Kim Sa-i (born 1971) is a South Korean poet. Departing from the pre-existing poetry about labor whose emphasis is on its purpose, she writes poems that fully represent the life experiences of the working people. Especially, her interest lies in the structural alienation of women workers engendered by patriarchy. Being a former laborer herself, she continues to participate in activism to support the working people.

== Life ==
Kim was born in Haenam, South Jeolla Province, South Korea in 1971. She left her hometown and worked at the Guro Industrial Complex in Seoul.
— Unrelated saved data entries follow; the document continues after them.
lemma lin_map_submod_iff:
  "S \<subseteq> carrier A \<Longrightarrow> lin_map R P (submod A S) h \<longleftrightarrow> lin_map R P A h \<and> (\<forall>x\<in>carrier P. h x \<in> S)"
  unfolding lin_map_def by auto

lemma lin_map_submodD:
  assumes "lin_map R P (submod A S) h" and "S \<subseteq> carrier A"
  shows "lin_map R P A h" and "\<And>x. x \<in> carrier P \<Longrightarrow> h x \<in> S"
  using assms unfolding lin_map_def by auto

lemma submod_minus:
  assumes A: "left_module R A" and S: "submodule S R A" and x: "x \<in> S" and y: "y \<in> S"
  shows "x \<ominus>\<^bsub>submod A S\<^esub> y = x \<ominus>\<^bsub>A\<^esub> y"
proof -
  interpret A: abelian_group A using left_module_abelian_group[OF A] .
  interpret abelian_group "submod A S" using left_module_abelian_group[OF left_module_submod[OF A S]] .
  note S' = submoduleD[OF S]
  have "\<ominus>\<^bsub>A\<^esub> y \<oplus>\<^bsub>submod A S\<^esub> y = \<zero>\<^bsub>submod A S\<^esub>" using y S'(1) by (simp add: A.l_neg subsetD)
  then have "\<ominus>\<^bsub>submod A S\<^esub> y = \<ominus>\<^bsub>A\<^esub> y" using y S'(3) by (intro minus_equality) simp_all
  then show ?thesis by (simp add: a_minus_def)
qed
(* Let $k$ be a positive integer and $m$ an integer with $1\leq m<k$. If integers $p_k,p_m$ satisfy $p_k>0$ and $p_m\geq p_k+\left\lfloor\frac{k}{m}\right\rfloor-1$, then there exists a connected graph $G$ such that $\psi_k(G)=p_k$ and $\psi_m(G)=p_m$.
   Context: All graphs are finite, simple and nonempty. For a graph $G$ and a positive integer $k$, a $k$-path vertex cover ($k$-PVC) of $G$ is a set $S$ of vertices such that every path on $k$ vertices in $G$ contains at least one vertex of $S$ (if $G$ has no path on $k$ vertices, the empty set is a $k$-PVC). $\psi_k(G)$ denotes the minimum cardinality of a $k$-PVC of $G$. *)

theory Defs
  imports Complex_Main
begin

definition graph :: "'a set \<Rightarrow> ('a \<Rightarrow> 'a \<Rightarrow> bool) \<Rightarrow> bool" where
  "graph V E \<longleftrightarrow> finite V \<and> V \<noteq> {} \<and> (\<forall>u v. E u v \<longrightarrow> u \<in> V \<and> v \<in> V)
     \<and> (\<forall>u v. E u v \<longrightarrow> E v u) \<and> (\<forall>v. \<not> E v v)"

definition connected_graph :: "'a set \<Rightarrow> ('a \<Rightarrow> 'a \<Rightarrow> bool) \<Rightarrow> bool" where
  "connected_graph V E \<longleftrightarrow> (\<forall>u\<in>V. \<forall>v\<in>V. E\<^sup>*\<^sup>* u v)"

definition is_path :: "'a set \<Rightarrow> ('a \<Rightarrow> 'a \<Rightarrow> bool) \<Rightarrow> 'a list \<Rightarrow> bool" where
  "is_path V E xs \<longleftrightarrow> xs \<noteq> [] \<and> distinct xs \<and> set xs \<subseteq> V
     \<and> (\<forall>i. Suc i < length xs \<longrightarrow> E (xs ! i) (xs ! Suc i))"

definition is_kpvc :: "'a set \<Rightarrow> ('a \<Rightarrow> 'a \<Rightarrow> bool) \<Rightarrow> nat \<Rightarrow> 'a set \<Rightarrow> bool" where
  "is_kpvc V E k S \<longleftrightarrow> S \<subseteq> V \<and>
     (\<forall>xs. is_path V E xs \<and> length xs = k \<longrightarrow> set xs \<inter> S \<noteq> {})"

definition psi :: "nat \<Rightarrow> 'a set \<Rightarrow> ('a \<Rightarrow> 'a \<Rightarrow> bool) \<Rightarrow> nat" where
  "psi k V E = (LEAST n. \<exists>S. is_kpvc V E k S \<and> card S = n)"

end

theory Submission
  imports Defs
begin

text \<open>Write \<open>k = q m + r\<close> with \<open>r < m\<close>. The graph is a clique \<open>K\<^sub>a\<close>, at least \<open>a + 1\<close> legs
  \<open>K\<^sub>m\<^sub>-\<^sub>1\<close> completely joined to it, and \<open>d\<close> pendant cliques \<open>K\<^sub>m\<close> hanging at one clique vertex.
  Between two clique vertices a path crosses at most one leg, so a path on \<open>k\<close> vertices avoiding
  the pendant cliques uses at least \<open>q\<close> clique vertices: deleting \<open>a - q + 1\<close> clique vertices,
  the attachment vertex among them, kills all \<open>k\<close>-paths. Conversely any smaller set leaves \<open>q\<close>
  clique vertices and \<open>q + 1\<close> legs free, which zigzag into a path on \<open>q m + m - 1 \<ge> k\<close>
  vertices; hence \<open>\<psi>\<^sub>k = a - q + 1\<close>. An \<open>m\<close>-path cover must hit every pendant clique, and
  one free clique vertex with two free legs already carries an \<open>m\<close>-path, so \<open>\<psi>\<^sub>m = a + d\<close>.
  Choosing \<open>a = p\<^sub>k + q - 1\<close> and \<open>d = p\<^sub>m - a\<close> realises both values.\<close>

lemma is_path_iff_successively:
  "is_path V E xs \<longleftrightarrow> xs \<noteq> [] \<and> distinct xs \<and> set xs \<subseteq> V \<and> successively E xs"
  unfolding is_path_def successively_conv_nth by auto

lemma is_path_take:
  "is_path V E xs \<Longrightarrow> 0 < n \<Longrightarrow> is_path V E (take n xs)"
  unfolding is_path_def using set_take_subset[of n xs] by auto

lemma is_kpvc_meets_long_path:
  assumes "is_kpvc V E k S" "is_path V E xs" "0 < k" "k \<le> length xs"
  shows "set xs \<inter> S \<noteq> {}"
proof -
  have "set (take k xs) \<inter> S \<noteq> {}"
    using assms is_path_take[OF assms(2,3)] unfolding is_kpvc_def by auto
  then show ?thesis using set_take_subset[of k xs] by blast
qed

lemma psi_eqI:
  assumes "is_kpvc V E k S" "card S = p" "\<And>S. is_kpvc V E k S \<Longrightarrow> p \<le> card S"
  shows "psi k V E = p"
  unfolding psi_def by (rule Least_equality) (use assms in auto)

lemma successively_const_on:
  assumes "successively E xs" "set xs \<subseteq> D"
    and "\<And>u v. E u v \<Longrightarrow> u \<in> D \<Longrightarrow> v \<in> D \<Longrightarrow> f u = f v"
  shows "\<forall>x\<in>set xs. f x = f (hd xs)"
  using assms(1,2)
proof (induction xs rule: induct_list012)
  case (3 x y zs)
  then have "f x = f y" using assms(3) by auto
  with 3 show ?case by auto
qed auto

lemma exists_distinct_list_subset:
  assumes "n \<le> card A"
  obtains xs where "distinct xs" "length xs = n" "set xs \<subseteq> A"
proof -
  obtain T where "T \<subseteq> A" "card T = n" "finite T"
    using obtain_subset_with_card_n[OF assms] by blast
  moreover obtain xs where "set xs = T" "distinct xs"
    using finite_distinct_list[OF \<open>finite T\<close>] by blast
  ultimately show ?thesis using that by (auto simp: distinct_card)
qed

lemma distinct_length_le_card:
  "distinct xs \<Longrightarrow> set xs \<subseteq> A \<Longrightarrow> finite A \<Longrightarrow> length xs \<le> card A"
  by (metis card_mono distinct_card)

text \<open>The vertices of \<open>C\<close> cut the path into at most \<open>card (set xs \<inter> C) + 1\<close> runs, each inside
  one class of \<open>f\<close>.\<close>
lemma successively_length_le_cut:
  assumes "distinct xs" "successively E xs" "set xs \<subseteq> D"
    and same_class: "\<And>u v. E u v \<Longrightarrow> u \<in> D - C \<Longrightarrow> v \<in> D - C \<Longrightarrow> f u = f v"
    and class_card: "\<And>i. finite {v \<in> D - C. f v = i} \<and> card {v \<in> D - C. f v = i} \<le> s"
  shows "length xs \<le> card (set xs \<inter> C) + (card (set xs \<inter> C) + 1) * s"
  using assms(1-3)
proof (induction "length xs" arbitrary: xs rule: less_induct)
  case less
  define ys where "ys = takeWhile (\<lambda>v. v \<notin> C) xs"
  define zs where "zs = dropWhile (\<lambda>v. v \<notin> C) xs"
  have xs: "xs = ys @ zs" by (simp add: ys_def zs_def)
  have ys_C: "set ys \<inter> C = {}" by (auto simp: ys_def dest: set_takeWhileD)
  have ys_len: "length ys \<le> s"
  proof (cases "ys = []")
    case False
    have ys_D: "set ys \<subseteq> D - C" using less.prems(3) xs ys_C by auto
    have "successively E ys" using less.prems(2) xs by (metis successively_append_iff)
    then have "\<forall>x\<in>set ys. f x = f (hd ys)"
      by (rule successively_const_on[OF _ ys_D]) (use same_class in auto)
    then have "set ys \<subseteq> {v \<in> D - C. f v = f (hd ys)}" using ys_D by auto
    then show ?thesis
      using distinct_length_le_card class_card[of "f (hd ys)"] less.prems(1) xs
      by (metis distinct_append le_trans)
  qed simp
  show ?case
  proof (cases zs)
    case Nil
    then show ?thesis using xs ys_len by (simp add: trans_le_add2)
  next
    case (Cons c zs')
    have "c \<in> C" using Cons hd_dropWhile[of "\<lambda>v. v \<notin> C" xs] unfolding zs_def by auto
    have zs'_dist: "distinct zs'" "c \<notin> set zs'" using less.prems(1) xs Cons by auto
    have "successively E zs'" using less.prems(2) xs Cons
      by (auto simp: successively_append_iff successively_Cons)
    then have IH: "length zs' \<le> card (set zs' \<inter> C) + (card (set zs' \<inter> C) + 1) * s"
      by (intro less.hyps) (use less.prems xs Cons zs'_dist in auto)
    have "set xs \<inter> C = insert c (set zs' \<inter> C)" using xs Cons ys_C \<open>c \<in> C\<close> by auto
    then have "card (set xs \<inter> C) = Suc (card (set zs' \<inter> C))" using zs'_dist by simp
    moreover have "length xs = length ys + 1 + length zs'" using xs Cons by simp
    ultimately show ?thesis using IH ys_len by (simp add: algebra_simps)
  qed
qed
By joining the Literary Society of Workers in Guro, she first learned about poetry. Her career as a poet began after she published her poem "Seoreun yeoseotsal kkot (서른여섯 살 꽃, 36-Year-Old Flower)" in the summer edition of the literary journal Poetry Review. Her first poetry collection Banseonghada geumandun nal (반성하다 그만둔 날, The Day I Stopped Self-Reflection), published in 2008, was nominated for the Book of the Year Award for the Best Literary Work, held by the newsweekly Sisain.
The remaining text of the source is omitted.